#### [TASK GOAL]
The required output consists solely of the lines from the line containing "T X \<noteq>" through the end of the records, copied exactly.
--
text \<open>This is where the symmetry of the channel enters: given the entries of the items of
  \<open>s2\<close>, the law of an outcome does not depend on the other defective items.\<close>
lemma marginal_channel_test_input_eq:
  assumes vc: "valid_channel K W"
    and S: "finite S" "card S = K" "s2 \<subseteq> S" and S': "finite S'" "card S' = K" "s2 \<subseteq> S'"
  shows "marginal_channel K q W (positions K S (S - s2)) (test_input K S X t) y =
         marginal_channel K q W (positions K S' (S' - s2)) (test_input K S' X t) y"
proof -
  define n where "n = (\<lambda>k. sorted_list_of_set S ! k)"
  define n' where "n' = (\<lambda>k. sorted_list_of_set S' ! k)"
  define A where "A = positions K S (S - s2)"
  define A' where "A' = positions K S' (S' - s2)"
  have bn: "bij_betw n {0..<K} S" and bn': "bij_betw n' {0..<K} S'"
    unfolding n_def n'_def using bij_betw_sorted_nth S S' by auto
  have compl: "{0..<K} - A = {k \<in> {0..<K}. n k \<in> s2}" "{0..<K} - A' = {k \<in> {0..<K}. n' k \<in> s2}"
    using bn bn' unfolding A_def A'_def positions_def n_def n'_def by (auto simp: bij_betw_def)
  have cA: "bij_betw n ({0..<K} - A) s2"
    unfolding compl(1) by (rule bij_betw_preimage[OF bn S(3)])
  have cA': "bij_betw n' ({0..<K} - A') s2"
    unfolding compl(2) by (rule bij_betw_preimage[OF bn' S'(3)])
  have "card A = card A'"
    using card_positions[of S K "S - s2"] card_positions[of S' K "S' - s2"] S S'
    by (simp add: A_def A'_def card_Diff_subset finite_subset)
  moreover have "A \<subseteq> {0..<K}" "A' \<subseteq> {0..<K}" unfolding A_def A'_def by (fact positions_subset)+
  moreover have "bij_betw (the_inv_into ({0..<K} - A') n' \<circ> n) ({0..<K} - A) ({0..<K} - A')"
    using cA bij_betw_the_inv_into[OF cA'] by (rule bij_betw_trans)
  ultimately obtain \<pi> where pi: "bij_betw \<pi> {0..<K} {0..<K}" "\<pi> ` A = A'"
    and match: "\<forall>k\<in>{0..<K} - A. \<pi> k = the_inv_into ({0..<K} - A') n' (n k)"
    using exists_perm_extending[of _ "{0..<K}" A A'] by (metis comp_apply finite_atLeastLessThan)
  have "n' (\<pi> k) = n k" if "k \<in> {0..<K} - A" for k
    using match that cA cA' by (simp add: f_the_inv_into_f_bij_betw bij_betw_apply)
  moreover have "\<pi> k \<in> {0..<K}" if "k \<in> {0..<K}" for k using bij_betw_apply[OF pi(1) that] .
  ultimately have "\<forall>k\<in>{0..<K} - A. test_input K S X t k = (test_input K S' X t \<circ> \<pi>) k"
    by (auto simp: test_input_def n_def n'_def)
  then have "marginal_channel K q W A (test_input K S X t) y =
      marginal_channel K q W A (test_input K S' X t \<circ> \<pi>) y"
    by (rule marginal_channel_cong)
  also have "\<dots> = marginal_channel K q W A' (test_input K S' X t) y"
    by (rule marginal_channel_comp_perm[OF vc pi \<open>A \<subseteq> {0..<K}\<close>])
  finally show ?thesis unfolding A_def A'_def .
qed

section \<open>Tensorization over the tests\<close>

lemma sum_outcomes_prod_eq_1:
  fixes f :: "nat \<Rightarrow> bool \<Rightarrow> real"
  assumes "\<And>t. t < T \<Longrightarrow> f t True + f t False = 1"
  shows "(\<Sum>Y\<in>outcomes T. \<Prod>t<T. f t (Y t)) = 1"
  unfolding outcomes_def lessThan_atLeast0 using assms by (intro sum_PiE_prod_eq_1) auto

lemma sum_outcomes_prod_mult_coord:
  fixes f :: "nat \<Rightarrow> bool \<Rightarrow> real"
  assumes f: "\<And>t. t < T \<Longrightarrow> f t True + f t False = 1" and s: "s < T"
  shows "(\<Sum>Y\<in>outcomes T. (\<Prod>t<T. f t (Y t)) * l (Y s)) = (\<Sum>b\<in>UNIV. f s b * l b)"
proof -
  define g where "g = (\<lambda>t b. f t b * (if t = s then l b else 1))"
  have "(\<Prod>t<T. f t (Y t)) * l (Y s) = (\<Prod>t\<in>{0..<T}. g t (Y t))" for Y
    using s by (simp add: g_def prod.distrib lessThan_atLeast0 prod.delta)
  then have "(\<Sum>Y\<in>outcomes T. (\<Prod>t<T. f t (Y t)) * l (Y s)) = (\<Prod>t\<in>{0..<T}. \<Sum>b\<in>UNIV. g t b)"
    unfolding outcomes_def by (simp add: prod_sum_PiE)
  also have "\<dots> = (\<Sum>b\<in>UNIV. g s b) * (\<Prod>t\<in>{0..<T} - {s}. \<Sum>b\<in>UNIV. g t b)"
    using s by (subst prod.remove[of _ s]) auto
  also have "(\<Prod>t\<in>{0..<T} - {s}. \<Sum>b\<in>UNIV. g t b) = 1"
    using f unfolding g_def by (intro prod.neutral) (auto simp: UNIV_bool add.commute)
  finally show ?thesis unfolding g_def by simp
qed

lemma sum_outcomes_prod_mult_sum:
  fixes f :: "nat \<Rightarrow> bool \<Rightarrow> real"
  assumes "\<And>t. t < T \<Longrightarrow> f t True + f t False = 1"
  shows "(\<Sum>Y\<in>outcomes T. (\<Prod>t<T. f t (Y t)) * (\<Sum>s<T. l s (Y s))) = (\<Sum>s<T. \<Sum>b\<in>UNIV. f s b * l s b)"
proof -
  have "(\<Sum>Y\<in>outcomes T. (\<Prod>t<T. f t (Y t)) * (\<Sum>s<T. l s (Y s)))
      = (\<Sum>s<T. \<Sum>Y\<in>outcomes T. (\<Prod>t<T. f t (Y t)) * l s (Y s))"
    by (simp add: sum_distrib_left sum.swap[of _ "outcomes T"])
  also have "\<dots> = (\<Sum>s<T. \<Sum>b\<in>UNIV. f s b * l s b)"
    using assms by (intro sum.cong refl sum_outcomes_prod_mult_coord) auto
  finally show ?thesis .
qed

lemma design_prob_nonneg: "0 \<le> q \<Longrightarrow> q \<le> 1 \<Longrightarrow> 0 \<le> design_prob q N T X"
  unfolding design_prob_def by (intro prod_nonneg) (simp add: bern_nonneg)

lemma chan_prob_nonneg: "(\<And>u y. 0 \<le> W u y) \<Longrightarrow> 0 \<le> chan_prob K W S X T Y"
  unfolding chan_prob_def by (intro prod_nonneg) auto

lemma design_prob_sum_eq_1: "(\<Sum>X\<in>designs N T. design_prob q N T X) = 1"
  unfolding designs_def design_prob_def by (intro sum_PiE_prod_eq_1) (auto simp: bern_sum_eq_1)

lemma chan_prob_sum_eq_1:
  assumes "\<And>u. W u True + W u False = 1"
  shows "(\<Sum>X\<in>designs N T. \<Sum>Y\<in>outcomes T. design_prob q N T X * chan_prob K W S X T Y) = 1"
proof -
  have "(\<Sum>Y\<in>outcomes T. chan_prob K W S X T Y) = 1" for X
    unfolding chan_prob_def by (rule sum_outcomes_prod_eq_1) (simp add: assms)
  then show ?thesis by (simp add: sum_distrib_left[symmetric] design_prob_sum_eq_1)
qed

lemma sum_design_test_input:
  fixes G :: "(nat \<Rightarrow> bool) \<Rightarrow> real"
  assumes S: "S \<subseteq> {0..<N}" "card S = K" and s: "s < T"
  shows "(\<Sum>X\<in>designs N T. design_prob q N T X * G (test_input K S X s)) =
         (\<Sum>u\<in>PiE {0..<K} (\<lambda>_. UNIV). bern_prod q {0..<K} u * G u)"
proof -
  define n where "n = (\<lambda>k. sorted_list_of_set S ! k)"
  have bn: "bij_betw n {0..<K} S"
    unfolding n_def using S finite_subset by (intro bij_betw_sorted_nth) auto
  define U where "U = PiE {0..<K} (\<lambda>_. UNIV :: bool set)"
  define grid where "grid = {0..<N} \<times> {0..<T}"
  define J where "J = (\<lambda>k. (n k, s)) ` {0..<K}"
  define idx where "idx = the_inv_into {0..<K} n"
  have JG: "J \<subseteq> grid" unfolding J_def grid_def using bn S s by (auto simp: bij_betw_def)
  have injJ: "inj_on (\<lambda>k. (n k, s)) {0..<K}" using bn by (auto simp: bij_betw_def inj_on_def)
  have idx: "idx (n k) = k" if "k \<in> {0..<K}" for k
    unfolding idx_def using bn that by (simp add: bij_betw_def the_inv_into_f_f)
  have fiber: "(\<Sum>X\<in>{X \<in> designs N T. test_input K S X s = u}. design_prob q N T X) = bern_prod q {0..<K} u"
    if u: "u \<in> U" for u
  proof -
    have "test_input K S X s = u \<longleftrightarrow> (\<forall>p\<in>J. X p = u (idx (fst p)))" for X
      using u idx unfolding test_input_def U_def J_def n_def
      by (auto simp: fun_eq_iff restrict_def PiE_def extensional_def)
    then have "(\<Sum>X\<in>{X \<in> designs N T. test_input K S X s = u}. design_prob q N T X) =
        (\<Sum>X\<in>{X \<in> PiE grid (\<lambda>_. UNIV). \<forall>p\<in>J. X p = u (idx (fst p))}. \<Prod>p\<in>grid. bern q (X p))"
      unfolding design_prob_def designs_def grid_def by simp
    also have "\<dots> = (\<Prod>p\<in>J. bern q (u (idx (fst p))))"
      by (rule sum_PiE_fixing_prod[OF _ JG]) (auto simp: grid_def bern_sum_eq_1)
    also have "\<dots> = bern_prod q {0..<K} u"
      unfolding J_def bern_prod_def prod.reindex[OF injJ] using idx by simp
    finally show ?thesis .
  qed
  have "(\<Sum>X\<in>designs N T. design_prob q N T X * G (test_input K S X s)) =
      (\<Sum>u\<in>U. \<Sum>X\<in>{X \<in> designs N T. test_input K S X s = u}. design_prob q N T X * G (test_input K S X s))"
    by (rule sum.group[symmetric]) (auto simp: designs_def U_def test_input_def finite_PiE)
  also have "\<dots> = (\<Sum>u\<in>U. (\<Sum>X\<in>{X \<in> designs N T. test_input K S X s = u}. design_prob q N T X) * G u)"
    by (intro sum.cong refl) (auto simp: sum_distrib_right)
  also have "\<dots> = (\<Sum>u\<in>U. bern_prod q {0..<K} u * G u)"
    using fiber by simp
  finally show ?thesis unfolding U_def .
qed

lemma marginal_channel_test_input_pos:
  assumes vc: "valid_channel K W" and q: "0 \<le> q" "q \<le> 1" and S: "S \<subseteq> {0..<N}" "card S = K"
    and A: "A \<subseteq> {0..<K}" and t: "t < T" and X: "design_prob q N T X \<noteq> 0"
    and W: "0 < W (test_input K S X t) y"
  shows "0 < marginal_channel K q W A (test_input K S X t) y"
proof -
  have bn: "bij_betw (\<lambda>k. sorted_list_of_set S ! k) {0..<K} S"
    using S finite_subset by (intro bij_betw_sorted_nth) auto
  have "sorted_list_of_set S ! k \<in> S" if "k \<in> A" for k
    using bij_betw_apply[OF bn] that A by blast
  then have "(sorted_list_of_set S ! k, t) \<in> {0..<N} \<times> {0..<T}" if "k \<in> A" for k
    using subsetD[OF S(1)] that t by simp
  then have "bern q (test_input K S X t k) \<noteq> 0" if "k \<in> A" for k
    using X that A unfolding design_prob_def test_input_def by auto
  moreover have "finite A" using A finite_subset by blast
  ultimately have "bern_prod q A (test_input K S X t) \<noteq> 0"
    unfolding bern_prod_def by simp
  then have "0 < bern_prod q A (test_input K S X t)"
    using bern_prod_nonneg[OF q] by (simp add: less_le)
  then have "0 < bern_prod q A (test_input K S X t) * W (test_input K S X t) y" using W by simp
  also have "\<dots> \<le> marginal_channel K q W A (test_input K S X t) y"
    using vc q by (rule marginal_channel_ge) (auto simp: test_input_def)
  finally show ?thesis .
qed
--
#### [EXERCISE SOLUTION]
    and A: "A \<subseteq> {0..<K}" and t: "t < T" and X: "design_prob q N T X \<noteq> 0"
    and W: "0 < W (test_input K S X t) y"
  shows "0 < marginal_channel K q W A (test_input K S X t) y"
proof -
  have bn: "bij_betw (\<lambda>k. sorted_list_of_set S ! k) {0..<K} S"
    using S finite_subset by (intro bij_betw_sorted_nth) auto
  have "sorted_list_of_set S ! k \<in> S" if "k \<in> A" for k
    using bij_betw_apply[OF bn] that A by blast
  then have "(sorted_list_of_set S ! k, t) \<in> {0..<N} \<times> {0..<T}" if "k \<in> A" for k
    using subsetD[OF S(1)] that t by simp
  then have "bern q (test_input K S X t k) \<noteq> 0" if "k \<in> A" for k
    using X that A unfolding design_prob_def test_input_def by auto
  moreover have "finite A" using A finite_subset by blast
  ultimately have "bern_prod q A (test_input K S X t) \<noteq> 0"
    unfolding bern_prod_def by simp
  then have "0 < bern_prod q A (test_input K S X t)"
    using bern_prod_nonneg[OF q] by (simp add: less_le)
  then have "0 < bern_prod q A (test_input K S X t) * W (test_input K S X t) y" using W by simp
  also have "\<dots> \<le> marginal_channel K q W A (test_input K S X t) y"
    using vc q by (rule marginal_channel_ge) (auto simp: test_input_def)
  finally show ?thesis .
qed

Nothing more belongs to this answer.